**Problem to work on**.
The lines to repeat are those below from the one containing "using Rb horizons(1)[OF" down to the one containing "Dfun M e (R x))", both included; reproduce them exactly and nothing else.

[Collected data]
-- Opening Marker --

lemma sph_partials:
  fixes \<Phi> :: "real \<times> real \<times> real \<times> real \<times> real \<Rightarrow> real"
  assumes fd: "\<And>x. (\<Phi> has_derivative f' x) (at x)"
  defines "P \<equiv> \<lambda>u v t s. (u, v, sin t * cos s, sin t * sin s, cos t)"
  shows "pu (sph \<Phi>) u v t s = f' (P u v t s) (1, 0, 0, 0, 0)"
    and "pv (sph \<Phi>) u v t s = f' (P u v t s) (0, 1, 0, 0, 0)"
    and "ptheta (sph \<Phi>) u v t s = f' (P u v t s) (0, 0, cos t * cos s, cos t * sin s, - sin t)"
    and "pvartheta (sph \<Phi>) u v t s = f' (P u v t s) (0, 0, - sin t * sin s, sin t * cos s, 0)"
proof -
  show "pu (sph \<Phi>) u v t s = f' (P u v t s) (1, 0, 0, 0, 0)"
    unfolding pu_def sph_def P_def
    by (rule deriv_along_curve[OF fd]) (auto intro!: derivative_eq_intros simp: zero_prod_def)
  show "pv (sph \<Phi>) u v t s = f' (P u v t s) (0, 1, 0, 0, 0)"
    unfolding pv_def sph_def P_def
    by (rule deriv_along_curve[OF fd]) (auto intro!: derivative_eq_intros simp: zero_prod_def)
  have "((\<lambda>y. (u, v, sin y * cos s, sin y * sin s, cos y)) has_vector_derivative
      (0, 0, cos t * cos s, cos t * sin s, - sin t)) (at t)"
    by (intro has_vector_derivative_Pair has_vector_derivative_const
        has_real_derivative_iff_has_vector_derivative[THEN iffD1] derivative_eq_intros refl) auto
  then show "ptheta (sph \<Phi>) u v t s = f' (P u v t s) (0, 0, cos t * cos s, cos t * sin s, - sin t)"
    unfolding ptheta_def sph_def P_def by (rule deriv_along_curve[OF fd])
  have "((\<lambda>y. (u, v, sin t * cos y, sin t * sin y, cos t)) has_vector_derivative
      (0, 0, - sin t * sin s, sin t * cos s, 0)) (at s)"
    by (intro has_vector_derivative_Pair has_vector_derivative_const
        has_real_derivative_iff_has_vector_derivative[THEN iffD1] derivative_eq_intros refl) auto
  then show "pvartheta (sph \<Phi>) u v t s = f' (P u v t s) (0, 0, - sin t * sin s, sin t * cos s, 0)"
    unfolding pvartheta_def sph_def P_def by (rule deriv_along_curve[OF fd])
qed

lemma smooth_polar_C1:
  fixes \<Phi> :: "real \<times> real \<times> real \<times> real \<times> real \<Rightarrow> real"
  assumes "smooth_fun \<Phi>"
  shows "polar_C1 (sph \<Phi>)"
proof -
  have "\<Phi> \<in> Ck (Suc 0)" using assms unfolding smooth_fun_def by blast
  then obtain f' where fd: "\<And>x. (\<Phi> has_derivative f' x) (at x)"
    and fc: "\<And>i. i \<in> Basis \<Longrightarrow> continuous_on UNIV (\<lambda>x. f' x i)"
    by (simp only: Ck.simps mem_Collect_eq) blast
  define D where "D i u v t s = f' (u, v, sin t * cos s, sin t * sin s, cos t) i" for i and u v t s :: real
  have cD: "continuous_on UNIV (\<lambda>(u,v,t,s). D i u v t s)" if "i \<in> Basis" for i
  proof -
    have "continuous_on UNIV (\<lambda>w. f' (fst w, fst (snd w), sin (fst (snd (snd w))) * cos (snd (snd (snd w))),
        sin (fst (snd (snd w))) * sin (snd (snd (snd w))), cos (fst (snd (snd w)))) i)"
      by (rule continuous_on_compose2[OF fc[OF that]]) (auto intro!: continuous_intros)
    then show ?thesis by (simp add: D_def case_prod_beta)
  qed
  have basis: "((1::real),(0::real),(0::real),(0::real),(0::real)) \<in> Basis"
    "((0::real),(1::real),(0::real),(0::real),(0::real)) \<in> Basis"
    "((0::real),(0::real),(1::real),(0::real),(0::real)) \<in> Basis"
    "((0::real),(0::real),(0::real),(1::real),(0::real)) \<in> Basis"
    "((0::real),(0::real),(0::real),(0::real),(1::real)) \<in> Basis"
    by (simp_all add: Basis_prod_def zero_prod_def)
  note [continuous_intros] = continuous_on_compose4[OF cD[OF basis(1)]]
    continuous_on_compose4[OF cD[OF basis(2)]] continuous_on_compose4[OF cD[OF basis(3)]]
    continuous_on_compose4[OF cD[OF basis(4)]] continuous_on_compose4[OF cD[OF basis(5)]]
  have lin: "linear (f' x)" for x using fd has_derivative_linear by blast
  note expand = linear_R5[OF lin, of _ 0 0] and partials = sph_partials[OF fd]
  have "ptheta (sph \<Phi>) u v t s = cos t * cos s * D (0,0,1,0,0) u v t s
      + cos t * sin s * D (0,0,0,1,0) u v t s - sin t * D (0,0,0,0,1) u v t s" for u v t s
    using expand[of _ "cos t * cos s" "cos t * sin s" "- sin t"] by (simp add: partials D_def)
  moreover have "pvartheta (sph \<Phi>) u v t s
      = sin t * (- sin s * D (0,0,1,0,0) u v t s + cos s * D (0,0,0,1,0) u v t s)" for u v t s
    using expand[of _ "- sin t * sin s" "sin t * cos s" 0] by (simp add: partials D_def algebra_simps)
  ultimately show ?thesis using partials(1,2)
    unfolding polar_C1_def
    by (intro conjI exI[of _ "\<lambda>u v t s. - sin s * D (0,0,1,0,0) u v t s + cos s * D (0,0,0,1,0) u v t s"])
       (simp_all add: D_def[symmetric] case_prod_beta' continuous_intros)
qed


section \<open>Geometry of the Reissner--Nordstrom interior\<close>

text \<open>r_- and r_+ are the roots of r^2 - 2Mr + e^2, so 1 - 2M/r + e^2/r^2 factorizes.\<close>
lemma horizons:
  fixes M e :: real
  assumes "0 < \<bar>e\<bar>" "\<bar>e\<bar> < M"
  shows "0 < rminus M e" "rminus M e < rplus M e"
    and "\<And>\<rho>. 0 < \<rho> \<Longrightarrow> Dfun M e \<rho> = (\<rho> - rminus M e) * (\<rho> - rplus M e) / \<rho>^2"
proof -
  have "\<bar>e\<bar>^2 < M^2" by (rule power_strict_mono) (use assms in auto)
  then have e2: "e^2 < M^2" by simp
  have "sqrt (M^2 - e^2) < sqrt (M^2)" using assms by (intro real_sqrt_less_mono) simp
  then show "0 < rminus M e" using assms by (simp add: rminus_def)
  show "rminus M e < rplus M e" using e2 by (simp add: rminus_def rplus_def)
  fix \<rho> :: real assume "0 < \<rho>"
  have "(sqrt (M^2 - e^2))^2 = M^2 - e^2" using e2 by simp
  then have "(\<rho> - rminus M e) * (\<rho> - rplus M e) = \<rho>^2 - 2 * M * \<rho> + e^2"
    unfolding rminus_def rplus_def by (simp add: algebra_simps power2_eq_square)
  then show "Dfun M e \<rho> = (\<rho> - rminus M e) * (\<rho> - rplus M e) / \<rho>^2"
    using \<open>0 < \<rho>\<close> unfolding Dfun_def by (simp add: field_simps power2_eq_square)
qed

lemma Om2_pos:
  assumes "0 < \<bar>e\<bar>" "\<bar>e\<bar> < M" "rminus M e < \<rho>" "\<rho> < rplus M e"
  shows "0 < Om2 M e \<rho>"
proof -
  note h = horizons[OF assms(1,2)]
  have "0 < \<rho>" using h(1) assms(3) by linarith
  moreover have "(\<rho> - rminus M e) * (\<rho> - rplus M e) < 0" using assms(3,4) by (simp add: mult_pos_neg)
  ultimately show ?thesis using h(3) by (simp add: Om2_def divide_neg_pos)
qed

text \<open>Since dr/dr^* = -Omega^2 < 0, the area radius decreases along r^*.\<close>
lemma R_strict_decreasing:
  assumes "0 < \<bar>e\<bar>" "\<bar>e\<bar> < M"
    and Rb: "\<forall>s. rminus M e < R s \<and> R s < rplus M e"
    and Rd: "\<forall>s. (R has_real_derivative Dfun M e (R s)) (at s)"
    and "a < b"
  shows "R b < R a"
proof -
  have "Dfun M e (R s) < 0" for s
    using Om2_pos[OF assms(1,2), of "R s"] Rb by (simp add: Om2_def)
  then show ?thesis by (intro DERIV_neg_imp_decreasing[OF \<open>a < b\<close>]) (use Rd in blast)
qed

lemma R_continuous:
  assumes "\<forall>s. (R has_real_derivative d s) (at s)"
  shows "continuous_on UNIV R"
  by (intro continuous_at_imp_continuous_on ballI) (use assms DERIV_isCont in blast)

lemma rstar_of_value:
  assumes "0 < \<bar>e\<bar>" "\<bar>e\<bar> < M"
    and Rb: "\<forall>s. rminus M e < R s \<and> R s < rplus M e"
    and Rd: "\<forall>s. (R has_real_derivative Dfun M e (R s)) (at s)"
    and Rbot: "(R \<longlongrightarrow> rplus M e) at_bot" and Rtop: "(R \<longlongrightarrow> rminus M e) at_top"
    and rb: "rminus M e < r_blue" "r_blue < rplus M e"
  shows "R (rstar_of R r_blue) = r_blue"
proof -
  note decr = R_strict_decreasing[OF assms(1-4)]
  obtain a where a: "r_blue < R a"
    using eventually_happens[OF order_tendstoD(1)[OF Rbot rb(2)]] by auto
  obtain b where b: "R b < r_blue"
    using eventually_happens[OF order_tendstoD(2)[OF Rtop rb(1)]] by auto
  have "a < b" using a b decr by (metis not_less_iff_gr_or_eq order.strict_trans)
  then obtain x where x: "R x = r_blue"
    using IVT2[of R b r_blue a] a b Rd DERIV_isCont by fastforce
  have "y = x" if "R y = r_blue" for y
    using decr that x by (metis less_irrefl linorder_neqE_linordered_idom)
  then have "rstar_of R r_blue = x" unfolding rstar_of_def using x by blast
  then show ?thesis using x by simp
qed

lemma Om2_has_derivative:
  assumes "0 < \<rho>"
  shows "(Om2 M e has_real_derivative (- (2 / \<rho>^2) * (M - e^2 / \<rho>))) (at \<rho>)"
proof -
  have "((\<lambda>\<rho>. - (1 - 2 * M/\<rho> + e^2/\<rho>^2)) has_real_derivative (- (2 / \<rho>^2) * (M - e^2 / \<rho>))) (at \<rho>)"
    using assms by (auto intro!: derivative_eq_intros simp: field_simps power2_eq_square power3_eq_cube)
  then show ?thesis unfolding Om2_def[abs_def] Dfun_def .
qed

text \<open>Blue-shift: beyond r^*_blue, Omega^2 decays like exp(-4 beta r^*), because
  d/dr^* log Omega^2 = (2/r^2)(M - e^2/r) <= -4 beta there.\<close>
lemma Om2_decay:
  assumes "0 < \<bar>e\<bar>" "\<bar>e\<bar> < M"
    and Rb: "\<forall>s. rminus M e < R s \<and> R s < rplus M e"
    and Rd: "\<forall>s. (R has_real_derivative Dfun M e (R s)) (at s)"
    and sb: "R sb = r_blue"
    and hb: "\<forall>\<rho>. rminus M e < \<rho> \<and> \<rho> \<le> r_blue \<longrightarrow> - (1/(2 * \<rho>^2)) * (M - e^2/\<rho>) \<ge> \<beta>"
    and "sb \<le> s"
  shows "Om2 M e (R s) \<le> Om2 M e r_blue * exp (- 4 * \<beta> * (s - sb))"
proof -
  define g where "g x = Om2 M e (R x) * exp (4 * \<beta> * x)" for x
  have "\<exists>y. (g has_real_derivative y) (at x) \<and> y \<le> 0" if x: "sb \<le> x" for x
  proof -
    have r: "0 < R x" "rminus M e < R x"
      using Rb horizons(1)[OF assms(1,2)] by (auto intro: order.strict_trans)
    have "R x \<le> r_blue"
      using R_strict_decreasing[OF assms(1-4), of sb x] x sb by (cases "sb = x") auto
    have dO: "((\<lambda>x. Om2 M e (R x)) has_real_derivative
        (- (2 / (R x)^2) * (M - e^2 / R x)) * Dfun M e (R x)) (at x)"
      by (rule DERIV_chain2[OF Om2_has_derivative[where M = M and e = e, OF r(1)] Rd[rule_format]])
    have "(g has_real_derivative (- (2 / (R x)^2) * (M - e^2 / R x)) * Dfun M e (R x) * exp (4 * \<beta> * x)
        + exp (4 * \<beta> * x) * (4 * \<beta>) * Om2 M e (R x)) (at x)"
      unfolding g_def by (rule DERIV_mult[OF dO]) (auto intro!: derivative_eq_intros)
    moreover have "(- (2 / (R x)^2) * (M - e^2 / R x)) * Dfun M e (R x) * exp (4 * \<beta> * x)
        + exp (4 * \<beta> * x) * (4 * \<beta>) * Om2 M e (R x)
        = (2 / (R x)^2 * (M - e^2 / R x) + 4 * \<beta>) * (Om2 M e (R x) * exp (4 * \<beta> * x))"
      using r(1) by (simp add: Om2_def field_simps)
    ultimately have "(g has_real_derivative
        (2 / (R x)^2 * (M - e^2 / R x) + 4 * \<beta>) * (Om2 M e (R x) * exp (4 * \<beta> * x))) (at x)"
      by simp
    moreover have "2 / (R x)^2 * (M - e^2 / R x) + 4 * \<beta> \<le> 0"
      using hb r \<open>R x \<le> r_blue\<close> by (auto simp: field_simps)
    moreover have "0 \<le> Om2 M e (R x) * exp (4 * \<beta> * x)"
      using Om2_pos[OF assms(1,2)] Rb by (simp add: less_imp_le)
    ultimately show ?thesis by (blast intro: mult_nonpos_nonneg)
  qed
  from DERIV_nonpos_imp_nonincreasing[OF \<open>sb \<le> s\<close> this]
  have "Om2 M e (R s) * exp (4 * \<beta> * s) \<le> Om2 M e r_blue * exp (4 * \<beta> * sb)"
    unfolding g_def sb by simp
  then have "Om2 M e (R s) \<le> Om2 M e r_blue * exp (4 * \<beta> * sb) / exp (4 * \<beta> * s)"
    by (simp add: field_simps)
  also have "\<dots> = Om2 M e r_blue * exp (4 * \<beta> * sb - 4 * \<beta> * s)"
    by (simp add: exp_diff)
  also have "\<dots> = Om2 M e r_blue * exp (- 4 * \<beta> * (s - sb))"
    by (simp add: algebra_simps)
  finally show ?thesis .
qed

-- Closing Marker --

**Reply**.
      using Rb horizons(1)[OF assms(1,2)] by (auto intro: order.strict_trans)
    have "R x \<le> r_blue"
      using R_strict_decreasing[OF assms(1-4), of sb x] x sb by (cases "sb = x") auto
    have dO: "((\<lambda>x. Om2 M e (R x)) has_real_derivative
        (- (2 / (R x)^2) * (M - e^2 / R x)) * Dfun M e (R x)) (at x)"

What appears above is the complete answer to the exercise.